• _INSTRUCTIONS TO FOLLOW_: All lines up to and including the one that contains "proof (intro conjI notI, use p" are to be transcribed exactly, starting from the first line of the records.

• _DATA EXTRACT_:

lemma avoids_123_adjoin_max:
  assumes p: "p < length Bs" and below: "\<forall>B\<in>set Bs. \<forall>x\<in>B. x < N"
  shows "avoids_123 (Bs[p := insert N (Bs ! p)]) \<longleftrightarrow> avoids_123 Bs \<and> prefix_avoids_12 p Bs"
    (is "avoids_123 ?Cs \<longleftrightarrow> _")
proof -
  have lt: "x < N" if "k < length Bs" "x \<in> Bs ! k" for k x
    using below that nth_mem by blast
  have sub: "x \<in> ?Cs ! k" if "k < length Bs" "x \<in> Bs ! k" for k x
    using that p by (simp add: nth_adjoin_iff)
  have N: "N \<in> ?Cs ! p" using p by simp
  show ?thesis
  proof
    assume av: "avoids_123 ?Cs"
    have "avoids_123 Bs" by (rule avoids_123_blockwise_subset[OF _ _ av]) (use sub in auto)
    moreover have "prefix_avoids_12 p Bs"
      unfolding prefix_avoids_12_def
    proof (intro conjI notI, use p in simp, elim exE conjE)
      fix i j x y
      assume "i < j" "j < p" "x \<in> Bs ! i" "y \<in> Bs ! j" "x < y"
      then show False
        using av not_avoids_123I[of i j p ?Cs x y N] sub[of i x] sub[of j y] lt[of j y] N p by simp
    qed
    ultimately show "avoids_123 Bs \<and> prefix_avoids_12 p Bs" ..
  next
    assume "avoids_123 Bs \<and> prefix_avoids_12 p Bs"
    then have av: "avoids_123 Bs" and pre: "prefix_avoids_12 p Bs" by auto
    show "avoids_123 ?Cs"
      unfolding avoids_123_def
    proof (intro notI, elim exE conjE)
      fix i j l x y z
      assume ijl: "i < j" "j < l" "l < length ?Cs"
        and xyz: "x \<in> ?Cs ! i" "y \<in> ?Cs ! j" "z \<in> ?Cs ! l" "x < y" "y < z"
      have "z \<in> Bs ! l \<or> l = p \<and> z = N" using xyz(3) ijl p by (simp add: nth_adjoin_iff)
      then have "z \<le> N" using lt[of l z] ijl by auto
      then have x: "x \<in> Bs ! i" and y: "y \<in> Bs ! j"
        using xyz ijl p by (auto simp: nth_adjoin_iff)
      show False
      proof (cases "z \<in> Bs ! l")
        case True
        then show False using av not_avoids_123I[of i j l Bs x y z] ijl x y xyz(4,5) by simp
      next
        case False
        then have "l = p" using xyz(3) ijl p by (simp add: nth_adjoin_iff)
        then show False using pre not_prefix_avoids_12I[of i j p x Bs y] ijl x y xyz(4) by simp
      qed
    qed
  qed
qed

lemma prefix_avoids_12_adjoin_max:
  assumes p: "p < length Bs" and below: "\<forall>B\<in>set Bs. \<forall>x\<in>B. x < N"
  shows "prefix_avoids_12 t (Bs[p := insert N (Bs ! p)]) \<longleftrightarrow>
         prefix_avoids_12 t Bs \<and> (t \<le> p \<or> (\<forall>i<p. Bs ! i = {}))"
    (is "prefix_avoids_12 t ?Cs \<longleftrightarrow> _")
proof -
  have lt: "x < N" if "k < length Bs" "x \<in> Bs ! k" for k x
    using below that nth_mem by blast
  have sub: "x \<in> ?Cs ! k" if "k < length Bs" "x \<in> Bs ! k" for k x
    using that p by (simp add: nth_adjoin_iff)
  have N: "N \<in> ?Cs ! p" using p by simp
  show ?thesis
  proof
    assume pre: "prefix_avoids_12 t ?Cs"
    have "prefix_avoids_12 t Bs" by (rule prefix_avoids_12_blockwise_subset[OF _ _ pre]) (use sub in auto)
    moreover have "t \<le> p \<or> (\<forall>i<p. Bs ! i = {})"
    proof (rule ccontr)
      assume "\<not> (t \<le> p \<or> (\<forall>i<p. Bs ! i = {}))"
      then obtain i x where "p < t" "i < p" "x \<in> Bs ! i" by auto
      then show False
        using pre not_prefix_avoids_12I[of i p t x ?Cs N] sub[of i x] lt[of i x] N p by simp
    qed
    ultimately show "prefix_avoids_12 t Bs \<and> (t \<le> p \<or> (\<forall>i<p. Bs ! i = {}))" ..
  next
    assume "prefix_avoids_12 t Bs \<and> (t \<le> p \<or> (\<forall>i<p. Bs ! i = {}))"
    then have pre: "prefix_avoids_12 t Bs" and cond: "t \<le> p \<or> (\<forall>i<p. Bs ! i = {})" by auto
    have t: "t \<le> length Bs" using pre by (rule prefix_avoids_12_length)
    show "prefix_avoids_12 t ?Cs"
      unfolding prefix_avoids_12_def
    proof (intro conjI notI, use t in simp, elim exE conjE)
      fix i j x y
      assume ij: "i < j" "j < t" and xy: "x \<in> ?Cs ! i" "y \<in> ?Cs ! j" "x < y"
      have "y \<in> Bs ! j \<or> j = p \<and> y = N" using xy(2) ij t p by (simp add: nth_adjoin_iff)
      then have "y \<le> N" using lt[of j y] ij t by auto
      then have x: "x \<in> Bs ! i" using xy(1,3) ij t p by (auto simp: nth_adjoin_iff)
      show False
      proof (cases "y \<in> Bs ! j")
        case True
        then show False using pre not_prefix_avoids_12I[of i j t x Bs y] ij x xy(3) by simp
      next
        case False
        then have "j = p" using xy(2) ij t p by (simp add: nth_adjoin_iff)
        then show False using cond ij x by auto
      qed
    qed
  qed
qed
lemma tiles_unique:
  "tiles S UNIV W \<Longrightarrow> w1 \<in> W \<Longrightarrow> w2 \<in> W \<Longrightarrow> s1 \<in> S \<Longrightarrow> s2 \<in> S \<Longrightarrow> w1 + s1 = w2 + s2
    \<Longrightarrow> w1 = w2 \<and> s1 = s2"
  unfolding tiles_iff by blast

lemma tiles_cover: "tiles S UNIV W \<Longrightarrow> \<exists>w\<in>W. \<exists>s\<in>S. p = w + s"
  unfolding tiles_iff by blast

lemma residue_system_tiles_lattice:
  assumes S: "residue_system k S"
  shows "tiles S UNIV (dil k UNIV)"
  unfolding tiles_iff
proof (rule conjI; intro ballI allI impI)
  fix w1 w2 s1 s2
  assume "w1 \<in> dil k UNIV" "w2 \<in> dil k UNIV" "s1 \<in> S" "s2 \<in> S" and eq: "w1 + s1 = w2 + s2"
  then obtain u1 u2 where "w1 = psmul k u1" "w2 = psmul k u2"
    unfolding mem_dil_UNIV by blast
  with eq have "s1 = s2 + psmul k (u2 - u1)"
    by (simp add: psmul_diff algebra_simps)
  then have "s1 = s2"
    using residue_system_unique[OF S \<open>s1 \<in> S\<close> \<open>s2 \<in> S\<close>] by simp
  with eq show "w1 = w2 \<and> s1 = s2" by simp
next
  fix p
  obtain s where s: "s \<in> S" "ptmod k s = ptmod k p"
    using residue_system_ex[OF S] by blast
  then have "p - s \<in> dil k UNIV"
    by (metis ptmod_eq_iff)
  with s show "\<exists>w\<in>dil k UNIV. \<exists>s\<in>S. p = w + s"
    by (metis diff_add_cancel)
qed

lemma tiles_translate_closed:
  assumes T: "tiles S UNIV W" and "w \<in> W" "b \<in> S" "c \<notin> S"
    and c_nbrs: "\<And>u. u \<in> U \<Longrightarrow> c + u \<in> S"
    and b_unique: "\<And>t. t \<in> S \<Longrightarrow> (\<And>u. u \<in> U \<Longrightarrow> t + u \<notin> S) \<Longrightarrow> t = b"
  shows "w + (c - b) \<in> W"
proof -
  obtain v t where v: "v \<in> W" and t: "t \<in> S" and vt: "w + c = v + t"
    using tiles_cover[OF T] by blast
  have "v \<noteq> w"
    using vt t \<open>c \<notin> S\<close> by (metis add_left_cancel)
  \<comment> \<open>the \<open>U\<close>-neighbours of \<open>w + c\<close> are already covered by \<open>w + S\<close>\<close>
  have "t + u \<notin> S" if "u \<in> U" for u
  proof
    assume "t + u \<in> S"
    have "v + (t + u) = w + (c + u)"
      using vt by (simp add: algebra_simps)
    then show False
      using tiles_unique[OF T v \<open>w \<in> W\<close> \<open>t + u \<in> S\<close> c_nbrs[OF that]] \<open>v \<noteq> w\<close> by simp
  qed
  then have "t = b"
    using b_unique[OF t] by blast
  then have "v = w + (c - b)"
    using vt by (simp add: add_diff_eq eq_diff_eq)
  then show ?thesis
    using v by simp
qed

lemma ex_nonneg_diff: "\<exists>v w. (0::pt) \<le> v \<and> 0 \<le> w \<and> u = v - w"
proof -
  obtain a b c where "u = (a, b, c)"
    by (cases u) auto
  then show ?thesis
    by (rule_tac exI[of _ "(\<bar>a\<bar> + a, \<bar>b\<bar> + b, \<bar>c\<bar> + c)"], rule_tac exI[of _ "(\<bar>a\<bar>, \<bar>b\<bar>, \<bar>c\<bar>)"])
      (simp add: zero_prod_def abs_if)
qed

lemma tiles_mem_congruent:
  assumes S: "residue_system k S" and T: "tiles S UNIV W" and "a \<in> W" "c \<in> W"
    and closed: "\<And>w u. w \<in> W \<Longrightarrow> 0 \<le> u \<Longrightarrow> w + psmul k u \<in> W"
  shows "c - a \<in> dil k UNIV"
proof -
  obtain b where "b \<in> S"
    using residue_system_ex[OF S] by blast
  obtain s where "s \<in> S" and "ptmod k s = ptmod k (c + b - a)"
    using residue_system_ex[OF S] by blast
  then obtain u where u: "c + b - a - s = psmul k u"
    by (metis mem_dil_UNIV ptmod_eq_iff)
  obtain v w where "0 \<le> v" "0 \<le> w" "u = v - w"
    using ex_nonneg_diff by blast
  then have "a + psmul k v \<in> W" "c + psmul k w \<in> W"
    using closed \<open>a \<in> W\<close> \<open>c \<in> W\<close> by auto
  moreover have "(a + psmul k v) + s = (c + psmul k w) + b"
    using u \<open>u = v - w\<close> by (simp add: psmul_diff algebra_simps)
  ultimately have "a + psmul k v = c + psmul k w"
    using tiles_unique[OF T] \<open>s \<in> S\<close> \<open>b \<in> S\<close> by blast
  then have "c - a = psmul k v - psmul k w"
    by (simp add: algebra_simps)
  then have "c - a = psmul k u"
    using \<open>u = v - w\<close> by (simp add: psmul_diff)
  then show ?thesis
    unfolding mem_dil_UNIV by blast
qed

lemma tiles_eq_lattice_coset:
  assumes S: "residue_system k S" and T: "tiles S UNIV W" and "a \<in> W"
    and closed: "\<And>w u. w \<in> W \<Longrightarrow> 0 \<le> u \<Longrightarrow> w + psmul k u \<in> W"
  shows "W = transl (dil k UNIV) a"
proof -
  have covered: "c \<in> W" if ca: "c - a \<in> dil k UNIV" for c
  proof -
    obtain b where "b \<in> S"
      using residue_system_ex[OF S] by blast
    obtain w s where "w \<in> W" "s \<in> S" and ws: "c + b = w + s"
      using tiles_cover[OF T] by blast
    obtain u u' where "c - a = psmul k u" "w - a = psmul k u'"
      using ca tiles_mem_congruent[OF S T \<open>a \<in> W\<close> \<open>w \<in> W\<close> closed] unfolding mem_dil_UNIV by blast
    then have "s = b + psmul k (u - u')"
      using ws by (simp add: psmul_diff algebra_simps)
    then have "s = b"
      using residue_system_unique[OF S \<open>s \<in> S\<close> \<open>b \<in> S\<close>] by simp
    then show ?thesis
      using ws \<open>w \<in> W\<close> by simp
  qed
  moreover have "c - a \<in> dil k UNIV" if "c \<in> W" for c
    using tiles_mem_congruent[OF S T \<open>a \<in> W\<close> that closed] .
  ultimately show ?thesis
    by (auto simp: mem_transl)
qed
lemma disc_val_le_hdisc_star:
  fixes Q :: "nat \<Rightarrow> 'u::finite \<Rightarrow> real"
  assumes "real (card S) \<le> w"
  shows "\<exists>z \<in> S \<rightarrow>\<^sub>E {-1, 1}. disc_val Q m S z \<le> hdisc_star Q m w"
proof -
  let ?D = "(\<lambda>z. disc_val Q m S z) ` (S \<rightarrow>\<^sub>E {-1, 1})"
  have "Min ?D \<in> ?D"
    using finite_sign_vectors sign_vectors_nonempty by (intro Min_in) auto
  moreover have "Min ?D \<le> hdisc_star Q m w"
    unfolding hdisc_star_def using assms by (intro Max_ge) auto
  ultimately show ?thesis by auto
qed

lemma abs_row_sum_le_disc_val:
  "i \<le> m \<Longrightarrow> \<bar>\<Sum>u\<in>S. qstar Q m i u * z u\<bar> \<le> disc_val Q m S z"
  unfolding disc_val_def by (intro Max_ge) auto

lemma hdisc_star_colouring:
  fixes Q :: "nat \<Rightarrow> 'u::finite \<Rightarrow> real"
  assumes "real (card S) \<le> w"
  shows "\<exists>z \<in> S \<rightarrow>\<^sub>E {-1, 1}.
    \<forall>i\<le>m. \<bar>\<Sum>u\<in>S. qstar Q m i u * z u\<bar> \<le> hdisc_star Q m w"
proof -
  obtain z where "z \<in> S \<rightarrow>\<^sub>E {-1, 1}" "disc_val Q m S z \<le> hdisc_star Q m w"
    using disc_val_le_hdisc_star[OF assms] by blast
  then show ?thesis
    by (blast intro: abs_row_sum_le_disc_val order_trans)
qed
(* If $f\colon[a,b]\to\mathbb{R}$ is Laplace integrable on $[a,b]$, then $f$ is Lebesgue measurable.
   Context: Laplace derivates: for $F$ Perron integrable near $x$, $\underline{LD}_1F(x)$ and $\overline{LD}_1F(x)$ are the minimum of the $\liminf$'s, resp. maximum of the $\limsup$'s, as $s\to\infty$ of $s^2\int_0^\delta e^{-st}[F(x+t)-F(x)]dt$ and $(-s^2)\int_0^\delta e^{-st}[F(x-t)-F(x)]dt$, $\delta>0$ fixed (independent of $\delta$; one-sided at endpoints). A major function of $f$ is a continuous $U$ on $[a,b]$ with $\underline{LD}_1U\geqslant f$ and $\underline{LD}_1U>-\infty$ everywhere; a minor function is a continuous $V$ with $\overline{LD}_1V\leqslant f$ and $\overline{LD}_1V<\infty$ everywhere; $f$ is Laplace integrable if $\sup_V(V(b)-V(a))=\inf_U(U(b)-U(a))$ is finite. *)

theory Defs
  imports "HOL-Analysis.Analysis"
begin

definition laplace_right :: "(real \<Rightarrow> real) \<Rightarrow> real \<Rightarrow> real \<Rightarrow> real \<Rightarrow> real" where
  "laplace_right F x \<delta> s = s\<^sup>2 * integral {0..\<delta>} (\<lambda>t. exp (- s * t) * (F (x + t) - F x))"

definition laplace_left :: "(real \<Rightarrow> real) \<Rightarrow> real \<Rightarrow> real \<Rightarrow> real \<Rightarrow> real" where
  "laplace_left F x \<delta> s = - (s\<^sup>2) * integral {0..\<delta>} (\<lambda>t. exp (- s * t) * (F (x - t) - F x))"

• _EXERCISE OUTPUT_:
lemma avoids_123_adjoin_max:
  assumes p: "p < length Bs" and below: "\<forall>B\<in>set Bs. \<forall>x\<in>B. x < N"
  shows "avoids_123 (Bs[p := insert N (Bs ! p)]) \<longleftrightarrow> avoids_123 Bs \<and> prefix_avoids_12 p Bs"
    (is "avoids_123 ?Cs \<longleftrightarrow> _")
proof -
  have lt: "x < N" if "k < length Bs" "x \<in> Bs ! k" for k x
    using below that nth_mem by blast
  have sub: "x \<in> ?Cs ! k" if "k < length Bs" "x \<in> Bs ! k" for k x
    using that p by (simp add: nth_adjoin_iff)
  have N: "N \<in> ?Cs ! p" using p by simp
  show ?thesis
  proof
    assume av: "avoids_123 ?Cs"
    have "avoids_123 Bs" by (rule avoids_123_blockwise_subset[OF _ _ av]) (use sub in auto)
    moreover have "prefix_avoids_12 p Bs"
      unfolding prefix_avoids_12_def
    proof (intro conjI notI, use p in simp, elim exE conjE)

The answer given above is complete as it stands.